## [Description of the task]
Your task is to quote the records from their first line through the line containing "weights of T", with nothing added or left out.

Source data
(* For a weighted trigraph (H, w) and a set R of vertices, the weight of a stable set T inside R
   in Red[H,w;R], plus Ext[H,w;R], is its weight in (H, w) plus the amounts by which vertex
   weights of T were clipped at 0.  A clipped vertex can be dropped from T without loss, so
   \<alpha>(Red[H,w;R]) + Ext[H,w;R] is the largest weight in (H, w) of a stable set inside R.

   No weight sits on pairs between A and B, nor on pairs inside the strong clique C; hence
   for a stable set S of G
     [[S]]_(G,w) + \<Sum>(c \<in> S \<inter> C) w_B(c) = [[S \<inter> (A \<union> C)]]_(G_A,w) + [[S \<inter> (B \<union> C)]]_(G_B,w_B).
   S meets C in at most one vertex c, and the best A-side part of S is then worth
   \<alpha>_(A \<union> {c}) = \<alpha>_A + w_B(c); this gives \<alpha>(G,w) \<le> \<alpha>_A + \<alpha>(G_B,w_B).  Conversely, optimal
   sets of both sides agreeing on C glue to a stable set of G; if the optimum over A \<union> {c}
   avoids c, then w_B(c) = 0 and c can be removed from the B side first. *)

theory Submission
  imports Defs
begin

lemma verts_induced [simp]: "verts (induced G X) = X \<inter> verts G"
  by (simp add: induced_def verts_def)

lemma theta_induced [simp]: "theta (induced G X) = theta G"
  by (simp add: induced_def theta_def fun_eq_iff)

lemma theta_commute: "theta G u v = theta G v u"
  by (simp add: theta_def insert_commute)

lemma stable_set_induced [simp]: "stable_set (induced G X) S \<longleftrightarrow> stable_set G S \<and> S \<subseteq> X"
  by (auto simp: stable_set_def)

lemma stable_set_empty [simp]: "stable_set G {}"
  by (simp add: stable_set_def)

lemma stable_set_subset: "stable_set G T \<Longrightarrow> S \<subseteq> T \<Longrightarrow> stable_set G S"
  by (auto simp: stable_set_def)

lemma finite_stable_sets: "finite (verts G) \<Longrightarrow> finite {S. stable_set G S \<and> P S}"
  by (rule finite_subset[of _ "Pow (verts G)"]) (auto simp: stable_set_def)

lemma stable_set_Int_strong_clique:
  assumes "stable_set G S" "strong_clique G C"
  shows "S \<inter> C = {} \<or> (\<exists>c\<in>C. S \<inter> C = {c})"
proof -
  have "c = d" if "c \<in> S \<inter> C" "d \<in> S \<inter> C" for c d
    using assms that unfolding stable_set_def strong_clique_def by force
  then show ?thesis by blast
qed

lemma stable_set_Un_cut_partition:
  assumes "cut_partition G A B C" "stable_set G T" "T \<subseteq> A \<union> C" "stable_set G U" "U \<subseteq> B \<union> C"
    "T \<inter> C = U \<inter> C"
  shows "stable_set G (T \<union> U)"
  unfolding stable_set_def
proof (intro conjI ballI impI)
  show "T \<union> U \<subseteq> verts G"
    using assms(2,4) by (auto simp: stable_set_def)
next
  fix x y assume xy: "x \<in> T \<union> U" "y \<in> T \<union> U" "x \<noteq> y"
  have AB: "theta G a b = -1" if "a \<in> A" "b \<in> B" for a b
    using assms(1) that by (simp add: cut_partition_def)
  consider "x \<in> T" "y \<in> T" | "x \<in> U" "y \<in> U" | "x \<in> A" "y \<in> B" | "x \<in> B" "y \<in> A"
    using xy assms(3,5,6) by blast
  then show "theta G x y \<le> 0"
  proof cases
    case 1 then show ?thesis using assms(2) xy(3) by (simp add: stable_set_def)
  next
    case 2 then show ?thesis using assms(4) xy(3) by (simp add: stable_set_def)
  next
    case 3 then show ?thesis using AB by simp
  next
    case 4 then show ?thesis using AB theta_commute[of G x y] by simp
  qed
qed

lemma weight_function_induced: "weight_function G w \<Longrightarrow> weight_function (induced G X) w"
  by (simp add: weight_function_def)

lemma weight_function_cong:
  assumes "weight_function G w" "\<And>u v. w' (Ord u v) = w (Ord u v)" "\<And>p. w' (Unord p) = w (Unord p)"
  shows "weight_function G w'"
  using assms by (simp add: weight_function_def)

lemma weight_function_Ord_le:
  "weight_function G w \<Longrightarrow> u \<in> verts G \<Longrightarrow> v \<in> verts G \<Longrightarrow> u \<noteq> v \<Longrightarrow> w (Ord u v) \<le> w (Unord {u, v})"
  by (simp add: weight_function_def)

lemma weight_function_not_semiadjacent:
  "weight_function G w \<Longrightarrow> u \<in> verts G \<Longrightarrow> v \<in> verts G \<Longrightarrow> u \<noteq> v \<Longrightarrow> theta G u v \<noteq> 0
    \<Longrightarrow> w (Ord u v) = 0 \<and> w (Ord v u) = 0 \<and> w (Unord {u, v}) = 0"
  by (simp add: weight_function_def)

lemma cut_partition_weights_zero:
  assumes "cut_partition G A B C" "weight_function G w" "a \<in> A" "b \<in> B"
  shows "w (Ord a b) = 0 \<and> w (Ord b a) = 0 \<and> w (Unord {a, b}) = 0"
proof -
  have "a \<in> verts G" "b \<in> verts G" "a \<noteq> b" "theta G a b = -1"
    using assms(1,3,4) unfolding cut_partition_def by blast+
  then show ?thesis
    using weight_function_not_semiadjacent[OF assms(2)] by simp
qed

lemma finite_pairs2: "finite X \<Longrightarrow> finite (pairs2 X)"
  by (rule finite_subset[of _ "Pow X"]) (auto simp: pairs2_def)

lemma pairs2_singleton [simp]: "pairs2 {u} = {}"
  by (auto simp: pairs2_def dest!: subset_singletonD)

lemma pairs2_mono: "X \<subseteq> Y \<Longrightarrow> pairs2 X \<subseteq> pairs2 Y"
  by (auto simp: pairs2_def)

lemma pairs2_Int: "pairs2 X \<inter> pairs2 Y = pairs2 (X \<inter> Y)"
  by (auto simp: pairs2_def)

lemma pairs2_Un_disjoint:
  assumes "X \<inter> Y = {}"
  shows "pairs2 (X \<union> Y) = pairs2 X \<union> pairs2 Y \<union> (\<lambda>(x, y). {x, y}) ` (X \<times> Y)"
proof
  show "pairs2 (X \<union> Y) \<subseteq> pairs2 X \<union> pairs2 Y \<union> (\<lambda>(x, y). {x, y}) ` (X \<times> Y)"
  proof
    fix p assume "p \<in> pairs2 (X \<union> Y)"
    then obtain a b where p: "p = {a, b}" "a \<noteq> b" "a \<in> X \<union> Y" "b \<in> X \<union> Y"
      by (auto simp: pairs2_def card_2_iff)
    then have "p \<in> pairs2 X \<or> p \<in> pairs2 Y \<or> (a, b) \<in> X \<times> Y \<or> (b, a) \<in> X \<times> Y"
      by (auto simp: pairs2_def)
    then show "p \<in> pairs2 X \<union> pairs2 Y \<union> (\<lambda>(x, y). {x, y}) ` (X \<times> Y)"
      using p(1) by (auto simp: insert_commute intro: rev_image_eqI)
  qed
qed (use assms in \<open>auto simp: pairs2_def card_insert_if\<close>)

## [Solution to this problem]
(* For a weighted trigraph (H, w) and a set R of vertices, the weight of a stable set T inside R
   in Red[H,w;R], plus Ext[H,w;R], is its weight in (H, w) plus the amounts by which vertex
   weights of T were clipped at 0.  A clipped vertex can be dropped from T without loss, so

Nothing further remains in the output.